**Available records:**
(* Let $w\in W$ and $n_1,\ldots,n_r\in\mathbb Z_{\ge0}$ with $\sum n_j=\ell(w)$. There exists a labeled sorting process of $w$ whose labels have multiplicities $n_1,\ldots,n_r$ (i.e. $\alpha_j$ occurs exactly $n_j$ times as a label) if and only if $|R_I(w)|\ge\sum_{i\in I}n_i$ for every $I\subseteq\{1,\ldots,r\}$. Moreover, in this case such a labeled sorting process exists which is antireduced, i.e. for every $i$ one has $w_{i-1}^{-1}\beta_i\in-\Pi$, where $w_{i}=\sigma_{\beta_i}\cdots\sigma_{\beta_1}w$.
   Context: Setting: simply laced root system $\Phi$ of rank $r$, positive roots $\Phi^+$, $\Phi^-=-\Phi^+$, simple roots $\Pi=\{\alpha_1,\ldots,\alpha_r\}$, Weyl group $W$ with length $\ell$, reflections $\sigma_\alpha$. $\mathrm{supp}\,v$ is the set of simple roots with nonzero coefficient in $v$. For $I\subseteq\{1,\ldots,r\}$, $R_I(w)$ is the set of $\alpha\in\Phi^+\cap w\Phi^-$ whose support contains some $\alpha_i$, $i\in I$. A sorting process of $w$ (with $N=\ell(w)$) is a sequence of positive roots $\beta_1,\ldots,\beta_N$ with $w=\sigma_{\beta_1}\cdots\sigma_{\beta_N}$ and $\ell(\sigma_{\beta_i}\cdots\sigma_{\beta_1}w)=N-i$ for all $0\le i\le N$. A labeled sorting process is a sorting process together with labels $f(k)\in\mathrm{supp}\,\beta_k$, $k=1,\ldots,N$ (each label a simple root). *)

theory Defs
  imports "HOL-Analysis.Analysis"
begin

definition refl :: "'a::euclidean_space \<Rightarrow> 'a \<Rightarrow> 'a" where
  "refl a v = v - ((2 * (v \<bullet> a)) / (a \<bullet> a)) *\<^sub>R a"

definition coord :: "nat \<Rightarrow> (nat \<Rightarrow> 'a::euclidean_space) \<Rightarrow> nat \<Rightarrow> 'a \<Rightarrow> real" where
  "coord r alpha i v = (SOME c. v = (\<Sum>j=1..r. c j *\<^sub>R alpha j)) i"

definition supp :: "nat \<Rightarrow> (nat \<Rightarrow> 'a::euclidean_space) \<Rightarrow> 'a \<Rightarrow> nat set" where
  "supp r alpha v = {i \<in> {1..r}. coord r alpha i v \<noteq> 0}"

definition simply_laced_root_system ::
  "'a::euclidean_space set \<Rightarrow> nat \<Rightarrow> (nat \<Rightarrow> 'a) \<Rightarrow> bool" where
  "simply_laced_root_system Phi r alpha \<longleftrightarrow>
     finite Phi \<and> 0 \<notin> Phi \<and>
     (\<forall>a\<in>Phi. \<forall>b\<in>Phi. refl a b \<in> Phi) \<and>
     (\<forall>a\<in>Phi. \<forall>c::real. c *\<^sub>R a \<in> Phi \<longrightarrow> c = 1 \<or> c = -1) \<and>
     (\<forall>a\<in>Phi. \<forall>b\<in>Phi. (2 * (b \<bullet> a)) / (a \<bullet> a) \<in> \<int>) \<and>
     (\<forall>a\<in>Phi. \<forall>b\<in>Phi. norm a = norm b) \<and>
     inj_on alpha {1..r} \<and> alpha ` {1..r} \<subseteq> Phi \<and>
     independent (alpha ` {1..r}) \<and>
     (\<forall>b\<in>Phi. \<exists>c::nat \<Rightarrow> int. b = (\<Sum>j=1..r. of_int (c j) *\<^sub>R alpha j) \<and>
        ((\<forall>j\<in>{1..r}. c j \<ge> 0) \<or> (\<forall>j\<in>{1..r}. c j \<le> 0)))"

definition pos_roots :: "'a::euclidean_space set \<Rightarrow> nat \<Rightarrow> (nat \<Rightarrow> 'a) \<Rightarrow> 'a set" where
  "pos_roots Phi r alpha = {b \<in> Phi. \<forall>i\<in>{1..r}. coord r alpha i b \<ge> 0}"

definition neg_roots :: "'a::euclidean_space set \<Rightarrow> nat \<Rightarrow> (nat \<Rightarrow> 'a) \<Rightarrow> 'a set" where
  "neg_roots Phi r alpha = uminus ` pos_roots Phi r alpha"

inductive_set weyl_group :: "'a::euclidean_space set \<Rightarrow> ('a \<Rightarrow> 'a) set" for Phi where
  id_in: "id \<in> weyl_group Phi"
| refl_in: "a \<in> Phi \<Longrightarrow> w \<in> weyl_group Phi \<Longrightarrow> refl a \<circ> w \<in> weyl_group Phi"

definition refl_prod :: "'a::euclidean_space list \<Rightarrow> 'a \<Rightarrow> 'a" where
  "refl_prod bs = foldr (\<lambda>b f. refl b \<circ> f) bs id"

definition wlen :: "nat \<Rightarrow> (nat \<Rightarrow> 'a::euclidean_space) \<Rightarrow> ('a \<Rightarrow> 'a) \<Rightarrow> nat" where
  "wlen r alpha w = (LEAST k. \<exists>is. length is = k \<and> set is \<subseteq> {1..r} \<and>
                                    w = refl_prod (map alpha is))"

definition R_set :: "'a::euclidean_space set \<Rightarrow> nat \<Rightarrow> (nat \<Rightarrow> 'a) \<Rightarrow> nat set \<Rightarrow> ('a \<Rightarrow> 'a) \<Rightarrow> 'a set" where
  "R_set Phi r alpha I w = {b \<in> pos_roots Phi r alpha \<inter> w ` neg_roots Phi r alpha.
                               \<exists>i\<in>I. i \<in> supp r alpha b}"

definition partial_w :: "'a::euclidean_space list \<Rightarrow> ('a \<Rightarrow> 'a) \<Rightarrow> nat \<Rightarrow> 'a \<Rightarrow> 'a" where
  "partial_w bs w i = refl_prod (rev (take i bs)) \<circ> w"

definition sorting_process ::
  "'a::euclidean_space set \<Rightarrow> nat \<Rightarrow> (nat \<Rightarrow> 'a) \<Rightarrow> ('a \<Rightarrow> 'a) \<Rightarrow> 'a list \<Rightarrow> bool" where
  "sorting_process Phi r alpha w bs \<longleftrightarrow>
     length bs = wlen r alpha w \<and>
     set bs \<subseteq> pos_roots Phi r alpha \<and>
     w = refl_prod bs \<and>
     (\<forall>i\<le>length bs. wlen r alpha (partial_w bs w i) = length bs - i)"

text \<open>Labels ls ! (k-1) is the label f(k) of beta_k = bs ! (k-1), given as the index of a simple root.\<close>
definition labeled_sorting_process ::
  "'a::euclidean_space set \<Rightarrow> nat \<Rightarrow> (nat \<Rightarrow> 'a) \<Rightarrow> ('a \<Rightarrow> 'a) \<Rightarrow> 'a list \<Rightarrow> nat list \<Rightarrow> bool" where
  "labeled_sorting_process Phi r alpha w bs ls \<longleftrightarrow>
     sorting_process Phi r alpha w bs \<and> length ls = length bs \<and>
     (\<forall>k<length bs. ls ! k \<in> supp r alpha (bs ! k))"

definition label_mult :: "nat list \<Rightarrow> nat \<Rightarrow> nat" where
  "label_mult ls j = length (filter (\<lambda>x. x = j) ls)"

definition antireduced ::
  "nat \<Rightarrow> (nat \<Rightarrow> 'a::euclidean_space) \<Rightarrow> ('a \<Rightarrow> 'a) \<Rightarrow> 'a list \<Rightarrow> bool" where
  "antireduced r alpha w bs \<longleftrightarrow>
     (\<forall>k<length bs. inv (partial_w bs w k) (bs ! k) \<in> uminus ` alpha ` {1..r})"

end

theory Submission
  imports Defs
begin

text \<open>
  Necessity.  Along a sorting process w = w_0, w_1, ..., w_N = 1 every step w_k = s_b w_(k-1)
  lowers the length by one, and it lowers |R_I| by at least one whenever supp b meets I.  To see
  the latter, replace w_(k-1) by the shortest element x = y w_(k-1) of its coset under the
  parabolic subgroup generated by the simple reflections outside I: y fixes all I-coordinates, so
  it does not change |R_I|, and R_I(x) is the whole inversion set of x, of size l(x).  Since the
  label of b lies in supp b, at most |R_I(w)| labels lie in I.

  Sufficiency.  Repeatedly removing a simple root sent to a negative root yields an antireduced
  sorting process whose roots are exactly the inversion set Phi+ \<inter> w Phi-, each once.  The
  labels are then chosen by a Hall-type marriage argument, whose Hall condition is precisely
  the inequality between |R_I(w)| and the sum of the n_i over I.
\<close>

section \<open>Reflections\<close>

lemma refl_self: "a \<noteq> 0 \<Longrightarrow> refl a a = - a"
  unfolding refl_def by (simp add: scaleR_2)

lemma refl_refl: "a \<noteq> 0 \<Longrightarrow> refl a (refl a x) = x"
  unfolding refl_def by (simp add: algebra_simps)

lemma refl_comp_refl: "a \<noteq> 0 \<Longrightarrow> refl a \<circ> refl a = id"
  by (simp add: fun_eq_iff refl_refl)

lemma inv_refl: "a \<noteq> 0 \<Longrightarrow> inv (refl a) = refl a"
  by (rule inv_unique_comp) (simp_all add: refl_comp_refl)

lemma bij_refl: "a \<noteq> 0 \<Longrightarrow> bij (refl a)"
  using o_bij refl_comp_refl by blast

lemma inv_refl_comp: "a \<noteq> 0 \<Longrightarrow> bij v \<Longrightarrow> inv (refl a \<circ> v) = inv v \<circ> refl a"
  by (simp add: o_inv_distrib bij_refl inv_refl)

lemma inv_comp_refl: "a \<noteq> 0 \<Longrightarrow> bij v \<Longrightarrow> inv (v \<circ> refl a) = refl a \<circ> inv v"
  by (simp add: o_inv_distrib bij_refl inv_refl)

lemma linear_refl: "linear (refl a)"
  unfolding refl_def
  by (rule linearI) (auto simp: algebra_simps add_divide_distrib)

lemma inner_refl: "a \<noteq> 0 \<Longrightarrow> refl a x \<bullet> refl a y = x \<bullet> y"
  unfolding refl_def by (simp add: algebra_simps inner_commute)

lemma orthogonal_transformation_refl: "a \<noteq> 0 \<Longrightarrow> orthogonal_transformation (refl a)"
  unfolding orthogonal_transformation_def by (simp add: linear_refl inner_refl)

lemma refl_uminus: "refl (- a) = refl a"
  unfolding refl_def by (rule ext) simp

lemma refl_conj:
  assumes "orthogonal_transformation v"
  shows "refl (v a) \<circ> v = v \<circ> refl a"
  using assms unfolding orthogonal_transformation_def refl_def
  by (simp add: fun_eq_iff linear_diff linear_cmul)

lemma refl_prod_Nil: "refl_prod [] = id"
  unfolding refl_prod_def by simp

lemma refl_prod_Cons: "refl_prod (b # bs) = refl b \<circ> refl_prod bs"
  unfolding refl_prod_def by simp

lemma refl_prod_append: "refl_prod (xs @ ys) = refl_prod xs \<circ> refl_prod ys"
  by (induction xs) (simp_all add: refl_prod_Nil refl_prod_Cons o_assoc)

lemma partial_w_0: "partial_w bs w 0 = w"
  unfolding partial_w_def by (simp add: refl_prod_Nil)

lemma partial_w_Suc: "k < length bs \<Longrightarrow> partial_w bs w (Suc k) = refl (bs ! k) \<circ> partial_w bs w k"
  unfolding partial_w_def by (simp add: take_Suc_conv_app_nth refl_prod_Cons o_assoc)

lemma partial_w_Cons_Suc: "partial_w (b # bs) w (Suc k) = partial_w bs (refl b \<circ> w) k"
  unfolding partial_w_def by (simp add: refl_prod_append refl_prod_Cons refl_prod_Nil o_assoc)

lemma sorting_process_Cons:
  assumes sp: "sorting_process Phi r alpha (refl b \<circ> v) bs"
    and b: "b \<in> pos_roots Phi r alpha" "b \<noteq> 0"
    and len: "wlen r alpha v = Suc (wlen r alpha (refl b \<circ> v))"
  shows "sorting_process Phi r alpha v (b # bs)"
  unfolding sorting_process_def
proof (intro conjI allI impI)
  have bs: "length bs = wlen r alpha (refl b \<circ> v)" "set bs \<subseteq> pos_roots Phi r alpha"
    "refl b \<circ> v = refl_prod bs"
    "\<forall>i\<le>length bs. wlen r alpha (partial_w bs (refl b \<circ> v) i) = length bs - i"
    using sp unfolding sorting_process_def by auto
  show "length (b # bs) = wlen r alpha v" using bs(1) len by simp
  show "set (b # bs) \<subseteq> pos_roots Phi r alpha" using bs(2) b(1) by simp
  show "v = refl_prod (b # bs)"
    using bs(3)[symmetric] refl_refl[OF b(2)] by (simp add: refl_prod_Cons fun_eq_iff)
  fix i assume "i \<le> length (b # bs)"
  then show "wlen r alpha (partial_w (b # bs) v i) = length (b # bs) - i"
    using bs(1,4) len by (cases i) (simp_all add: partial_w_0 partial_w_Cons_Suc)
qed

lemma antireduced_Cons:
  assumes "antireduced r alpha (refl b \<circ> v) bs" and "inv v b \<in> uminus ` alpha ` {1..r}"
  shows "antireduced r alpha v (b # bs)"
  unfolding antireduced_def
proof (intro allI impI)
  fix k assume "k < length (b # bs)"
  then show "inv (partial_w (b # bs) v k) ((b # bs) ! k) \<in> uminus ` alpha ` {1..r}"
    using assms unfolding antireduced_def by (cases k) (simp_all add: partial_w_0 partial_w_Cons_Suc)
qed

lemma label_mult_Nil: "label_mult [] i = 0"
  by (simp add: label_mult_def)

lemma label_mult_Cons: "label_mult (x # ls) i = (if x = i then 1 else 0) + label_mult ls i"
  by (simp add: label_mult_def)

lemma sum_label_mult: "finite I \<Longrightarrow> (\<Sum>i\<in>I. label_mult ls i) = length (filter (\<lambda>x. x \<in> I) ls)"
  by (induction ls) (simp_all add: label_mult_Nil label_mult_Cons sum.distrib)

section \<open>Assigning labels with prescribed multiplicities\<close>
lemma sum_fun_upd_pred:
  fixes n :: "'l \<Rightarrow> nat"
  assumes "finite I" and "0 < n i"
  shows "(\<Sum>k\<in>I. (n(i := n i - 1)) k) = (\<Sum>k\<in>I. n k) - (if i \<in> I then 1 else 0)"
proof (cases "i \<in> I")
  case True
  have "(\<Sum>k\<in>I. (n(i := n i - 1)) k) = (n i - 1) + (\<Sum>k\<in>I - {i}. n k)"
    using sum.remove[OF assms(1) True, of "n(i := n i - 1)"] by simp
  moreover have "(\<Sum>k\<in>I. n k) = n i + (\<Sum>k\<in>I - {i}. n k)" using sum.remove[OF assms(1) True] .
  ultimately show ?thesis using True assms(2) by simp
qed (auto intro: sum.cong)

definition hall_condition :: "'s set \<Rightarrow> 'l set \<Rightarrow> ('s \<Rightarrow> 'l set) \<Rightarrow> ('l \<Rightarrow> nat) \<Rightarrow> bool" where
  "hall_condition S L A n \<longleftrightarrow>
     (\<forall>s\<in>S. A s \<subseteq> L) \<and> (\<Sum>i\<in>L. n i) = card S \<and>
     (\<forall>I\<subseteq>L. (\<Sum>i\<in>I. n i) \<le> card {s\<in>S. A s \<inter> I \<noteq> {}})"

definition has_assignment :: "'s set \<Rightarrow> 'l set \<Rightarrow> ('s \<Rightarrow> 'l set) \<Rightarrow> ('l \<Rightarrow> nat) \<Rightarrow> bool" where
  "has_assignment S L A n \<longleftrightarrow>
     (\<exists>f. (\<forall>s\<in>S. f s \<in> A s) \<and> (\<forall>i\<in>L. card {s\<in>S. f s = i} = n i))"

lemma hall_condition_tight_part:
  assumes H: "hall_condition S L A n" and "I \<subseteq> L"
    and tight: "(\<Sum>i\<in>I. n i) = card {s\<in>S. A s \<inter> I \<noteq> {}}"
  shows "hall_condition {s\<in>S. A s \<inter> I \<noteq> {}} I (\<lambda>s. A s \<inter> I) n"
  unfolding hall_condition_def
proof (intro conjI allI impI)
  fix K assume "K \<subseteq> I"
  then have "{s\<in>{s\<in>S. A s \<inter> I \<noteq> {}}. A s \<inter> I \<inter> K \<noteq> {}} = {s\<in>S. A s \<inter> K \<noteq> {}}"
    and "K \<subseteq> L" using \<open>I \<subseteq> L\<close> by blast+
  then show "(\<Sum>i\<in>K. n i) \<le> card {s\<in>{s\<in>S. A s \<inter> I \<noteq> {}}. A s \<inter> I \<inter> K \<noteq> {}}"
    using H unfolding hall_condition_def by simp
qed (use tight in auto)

**About this task:** Please output exactly the lines between the one holding "using assms unfolding antireduced_def" and the one holding "qed (auto intro: sum.cong)" in the records above, inclusive, and nothing more.

**Written response:**
    using assms unfolding antireduced_def by (cases k) (simp_all add: partial_w_0 partial_w_Cons_Suc)
qed

lemma label_mult_Nil: "label_mult [] i = 0"
  by (simp add: label_mult_def)

lemma label_mult_Cons: "label_mult (x # ls) i = (if x = i then 1 else 0) + label_mult ls i"
  by (simp add: label_mult_def)

lemma sum_label_mult: "finite I \<Longrightarrow> (\<Sum>i\<in>I. label_mult ls i) = length (filter (\<lambda>x. x \<in> I) ls)"
  by (induction ls) (simp_all add: label_mult_Nil label_mult_Cons sum.distrib)

section \<open>Assigning labels with prescribed multiplicities\<close>
lemma sum_fun_upd_pred:
  fixes n :: "'l \<Rightarrow> nat"
  assumes "finite I" and "0 < n i"
  shows "(\<Sum>k\<in>I. (n(i := n i - 1)) k) = (\<Sum>k\<in>I. n k) - (if i \<in> I then 1 else 0)"
proof (cases "i \<in> I")
  case True
  have "(\<Sum>k\<in>I. (n(i := n i - 1)) k) = (n i - 1) + (\<Sum>k\<in>I - {i}. n k)"
    using sum.remove[OF assms(1) True, of "n(i := n i - 1)"] by simp
  moreover have "(\<Sum>k\<in>I. n k) = n i + (\<Sum>k\<in>I - {i}. n k)" using sum.remove[OF assms(1) True] .
  ultimately show ?thesis using True assms(2) by simp
qed (auto intro: sum.cong)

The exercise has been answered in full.